◆ **Exercise brief**
Among the lines below, restate word for word only those from the line with "assms(2) by blast" through the line with "add: adj_def insert_commute)", with both end lines kept.

━━ Available data ━━

section \<open>Connectivity\<close>

lemma proper_colouring_override_on:
  assumes "\<forall>e\<in>E. e \<subseteq> A \<or> e \<subseteq> V - A"
    and "proper_colouring k A {e\<in>E. e \<subseteq> A} c"
    and "proper_colouring k (V - A) {e\<in>E. e \<subseteq> V - A} h"
  shows "proper_colouring k V E (override_on h c A)"
  unfolding proper_colouring_def
proof (intro conjI ballI allI impI)
  show "override_on h c A x \<in> {1..k}" if "x \<in> V" for x
  proof (cases "x \<in> A")
    case False
    then have "x \<in> V - A" using that by blast
    then show ?thesis using False assms(3) unfolding proper_colouring_def by simp
  qed (use assms(2) in \<open>simp add: proper_colouring_def\<close>)
  fix u v assume "adj E u v"
  then have uv: "{u, v} \<in> E" by (simp add: adj_def)
  have "{u, v} \<subseteq> A \<or> {u, v} \<subseteq> V - A" using assms(1) uv by (rule bspec)
  then consider "{u, v} \<subseteq> A" | "{u, v} \<subseteq> V - A" by blast
  then show "override_on h c A u \<noteq> override_on h c A v"
  proof cases
    case 1
    then have "adj {e\<in>E. e \<subseteq> A} u v" using uv by (simp add: adj_def)
    then show ?thesis using 1 assms(2) unfolding proper_colouring_def by simp
  next
    case 2
    then have "adj {e\<in>E. e \<subseteq> V - A} u v" using uv by (simp add: adj_def)
    then show ?thesis using 2 assms(3) unfolding proper_colouring_def by simp
  qed
qed

lemma recolour_steps_override_on:
  assumes "A \<subseteq> V" "\<forall>e\<in>E. e \<subseteq> A \<or> e \<subseteq> V - A"
    and "proper_colouring 4 (V - A) {e\<in>E. e \<subseteq> V - A} h"
    and "(recolour_step A {e\<in>E. e \<subseteq> A})\<^sup>*\<^sup>* c d"
  shows "(recolour_step V E)\<^sup>*\<^sup>* (override_on h c A) (override_on h d A)"
  using assms(4)
proof (induction rule: rtranclp_induct)
  case (step d d')
  have "{x\<in>V. override_on h d A x \<noteq> override_on h d' A x} = {x\<in>A. d x \<noteq> d' x}"
    using assms(1) by (auto simp: override_on_def)
  then have "recolour_step V E (override_on h d A) (override_on h d' A)"
    using step.hyps(2) proper_colouring_override_on[OF assms(2) _ assms(3)]
    unfolding recolour_step_def by simp
  with step.IH show ?case by (simp add: rtranclp.rtrancl_into_rtrancl)
qed simp

lemma recolour_steps_disjoint_union:
  assumes "graph V E" "A \<subseteq> V" "\<forall>e\<in>E. e \<subseteq> A \<or> e \<subseteq> V - A"
    and "proper_colouring 4 V E \<alpha>" "proper_colouring 4 V E \<beta>"
    and "(recolour_step A {e\<in>E. e \<subseteq> A})\<^sup>*\<^sup>* \<alpha> \<beta>"
    and "(recolour_step (V - A) {e\<in>E. e \<subseteq> V - A})\<^sup>*\<^sup>* \<alpha> \<beta>"
  shows "(recolour_step V E)\<^sup>*\<^sup>* \<alpha> \<beta>"
proof -
  have complement: "V - (V - A) = A" using assms(2) by blast
  have "(recolour_step V E)\<^sup>*\<^sup>* (override_on \<alpha> \<alpha> A) (override_on \<alpha> \<beta> A)"
    by (rule recolour_steps_override_on[OF assms(2,3) _ assms(6)])
      (rule proper_colouring_subgraph[OF assms(4)]; blast)
  then have first: "(recolour_step V E)\<^sup>*\<^sup>* \<alpha> (override_on \<alpha> \<beta> A)"
    by (simp add: override_on_def)
  have "(recolour_step V E)\<^sup>*\<^sup>* (override_on \<beta> \<alpha> (V - A)) (override_on \<beta> \<beta> (V - A))"
  proof (rule recolour_steps_override_on[OF Diff_subset _ _ assms(7)])
    show "\<forall>e\<in>E. e \<subseteq> V - A \<or> e \<subseteq> V - (V - A)" unfolding complement using assms(3) by blast
    show "proper_colouring 4 (V - (V - A)) {e\<in>E. e \<subseteq> V - (V - A)} \<beta>"
      by (rule proper_colouring_subgraph[OF assms(5)]) blast+
  qed
  then have second: "(recolour_step V E)\<^sup>*\<^sup>* (override_on \<beta> \<alpha> (V - A)) \<beta>"
    by (simp add: override_on_def)
  have "proper_colouring 4 V E (override_on \<alpha> \<beta> A)"
    using recolour_steps_proper[OF first assms(4)] .
  moreover have "\<forall>v\<in>V. override_on \<alpha> \<beta> A v = override_on \<beta> \<alpha> (V - A) v"
    by (simp add: override_on_def)
  ultimately have "recolour_step V E (override_on \<alpha> \<beta> A) (override_on \<beta> \<alpha> (V - A))"
    by (rule recolour_step_cong[OF assms(1)])
  then show ?thesis using first second by (meson converse_rtranclp_into_rtranclp rtranclp_trans)
qed

lemma reachable_set_edge_split:
  assumes "graph V E" "e \<in> E"
  shows "e \<subseteq> {x\<in>V. (adj E)\<^sup>*\<^sup>* u x} \<or> e \<subseteq> V - {x\<in>V. (adj E)\<^sup>*\<^sup>* u x}"
proof -
  obtain x y where xy: "e = {x, y}" "x \<in> V" "y \<in> V" using assms unfolding graph_def by meson
  then have "adj E x y" "adj E y x" using assms(2) by (simp_all add: adj_def insert_commute)
  then have "(adj E)\<^sup>*\<^sup>* u x \<longleftrightarrow> (adj E)\<^sup>*\<^sup>* u y" by (meson rtranclp.rtrancl_into_rtrancl)
  then show ?thesis using xy by auto
qed

lemma minimal_counterexample_connected:
  assumes "minimal_counterexample V E \<alpha> \<beta>"
  shows "connected_graph V E"
proof (rule ccontr)
  assume "\<not> connected_graph V E"
  then obtain u w where u: "u \<in> V" and w: "w \<in> V" and "\<not> (adj E)\<^sup>*\<^sup>* u w"
    unfolding connected_graph_def by blast
  define A where "A = {x\<in>V. (adj E)\<^sup>*\<^sup>* u x}"
  have "counterexample V E \<alpha> \<beta>" using assms by (simp add: minimal_counterexample_def)
  then have graph: "graph V E" and \<alpha>: "proper_colouring 4 V E \<alpha>"
    and \<beta>: "proper_colouring 4 V E \<beta>" and not_recolourable: "\<not> (\<exists>cs. recolouring_seq V E \<alpha> \<beta> cs)"
    unfolding counterexample_def using proper_colouring_mono by fastforce+
  have "A \<subset> V" using w \<open>\<not> (adj E)\<^sup>*\<^sup>* u w\<close> by (auto simp: A_def)
  moreover have "V - A \<subset> V" using u by (auto simp: A_def)
  moreover have "\<forall>e\<in>E. e \<subseteq> A \<or> e \<subseteq> V - A"
    unfolding A_def using reachable_set_edge_split[OF graph] by blast
  ultimately have "(recolour_step V E)\<^sup>*\<^sup>* \<alpha> \<beta>"
    using recolour_steps_disjoint_union[OF graph _ _ \<alpha> \<beta>]
      minimal_counterexample_recolourable_induced[OF assms] by blast
  then show False using not_recolourable recolourable_iff_recolour_steps[OF graph \<alpha>] by blast
qed

section \<open>Vertices of small degree\<close>

lemma exists_colour_not_in:
  assumes "finite S" "card S < k"
  obtains z :: nat where "z \<in> {1..k}" "z \<notin> S"
proof -
  have "\<not> {1..k} \<subseteq> S"
  proof
    assume "{1..k} \<subseteq> S"
    then have "card {1..k} \<le> card S" using assms(1) by (rule card_mono[rotated])
    then show False using assms(2) by simp
  qed
  then show ?thesis using that by blast
qed

lemma proper_colouring_fun_upd:
  assumes "graph V E" "v \<in> V"
    and "proper_colouring k (V - {v}) {e\<in>E. e \<subseteq> V - {v}} c"
    and "z \<in> {1..k}" "\<forall>u. {u, v} \<in> E \<longrightarrow> c u \<noteq> z"
  shows "proper_colouring k V E (c(v := z))"
  unfolding proper_colouring_def
proof (intro conjI ballI allI impI)
  show "(c(v := z)) x \<in> {1..k}" if "x \<in> V" for x
    using assms(3,4) that unfolding proper_colouring_def by (cases "x = v") simp_all
  fix a b assume ab: "adj E a b"
  then have "a \<in> V" "b \<in> V" "a \<noteq> b" using graph_adjD[OF assms(1)] by blast+
  have edge: "{a, b} \<in> E" using ab by (simp add: adj_def)
  show "(c(v := z)) a \<noteq> (c(v := z)) b"
  proof (cases "a = v \<or> b = v")
    case True
    then show ?thesis using assms(5) edge \<open>a \<noteq> b\<close> by (auto simp: insert_commute)
  next
    case False
    then have "adj {e\<in>E. e \<subseteq> V - {v}} a b"
      using edge \<open>a \<in> V\<close> \<open>b \<in> V\<close> by (simp add: adj_def)
    then show ?thesis using False assms(3) unfolding proper_colouring_def by simp
  qed
qed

━━━

◆ **Task answer**
  have complement: "V - (V - A) = A" using assms(2) by blast
  have "(recolour_step V E)\<^sup>*\<^sup>* (override_on \<alpha> \<alpha> A) (override_on \<alpha> \<beta> A)"
    by (rule recolour_steps_override_on[OF assms(2,3) _ assms(6)])
      (rule proper_colouring_subgraph[OF assms(4)]; blast)
  then have first: "(recolour_step V E)\<^sup>*\<^sup>* \<alpha> (override_on \<alpha> \<beta> A)"
    by (simp add: override_on_def)
  have "(recolour_step V E)\<^sup>*\<^sup>* (override_on \<beta> \<alpha> (V - A)) (override_on \<beta> \<beta> (V - A))"
  proof (rule recolour_steps_override_on[OF Diff_subset _ _ assms(7)])
    show "\<forall>e\<in>E. e \<subseteq> V - A \<or> e \<subseteq> V - (V - A)" unfolding complement using assms(3) by blast
    show "proper_colouring 4 (V - (V - A)) {e\<in>E. e \<subseteq> V - (V - A)} \<beta>"
      by (rule proper_colouring_subgraph[OF assms(5)]) blast+
  qed
  then have second: "(recolour_step V E)\<^sup>*\<^sup>* (override_on \<beta> \<alpha> (V - A)) \<beta>"
    by (simp add: override_on_def)
  have "proper_colouring 4 V E (override_on \<alpha> \<beta> A)"
    using recolour_steps_proper[OF first assms(4)] .
  moreover have "\<forall>v\<in>V. override_on \<alpha> \<beta> A v = override_on \<beta> \<alpha> (V - A) v"
    by (simp add: override_on_def)
  ultimately have "recolour_step V E (override_on \<alpha> \<beta> A) (override_on \<beta> \<alpha> (V - A))"
    by (rule recolour_step_cong[OF assms(1)])
  then show ?thesis using first second by (meson converse_rtranclp_into_rtranclp rtranclp_trans)
qed

lemma reachable_set_edge_split:
  assumes "graph V E" "e \<in> E"
  shows "e \<subseteq> {x\<in>V. (adj E)\<^sup>*\<^sup>* u x} \<or> e \<subseteq> V - {x\<in>V. (adj E)\<^sup>*\<^sup>* u x}"
proof -
  obtain x y where xy: "e = {x, y}" "x \<in> V" "y \<in> V" using assms unfolding graph_def by meson
  then have "adj E x y" "adj E y x" using assms(2) by (simp_all add: adj_def insert_commute)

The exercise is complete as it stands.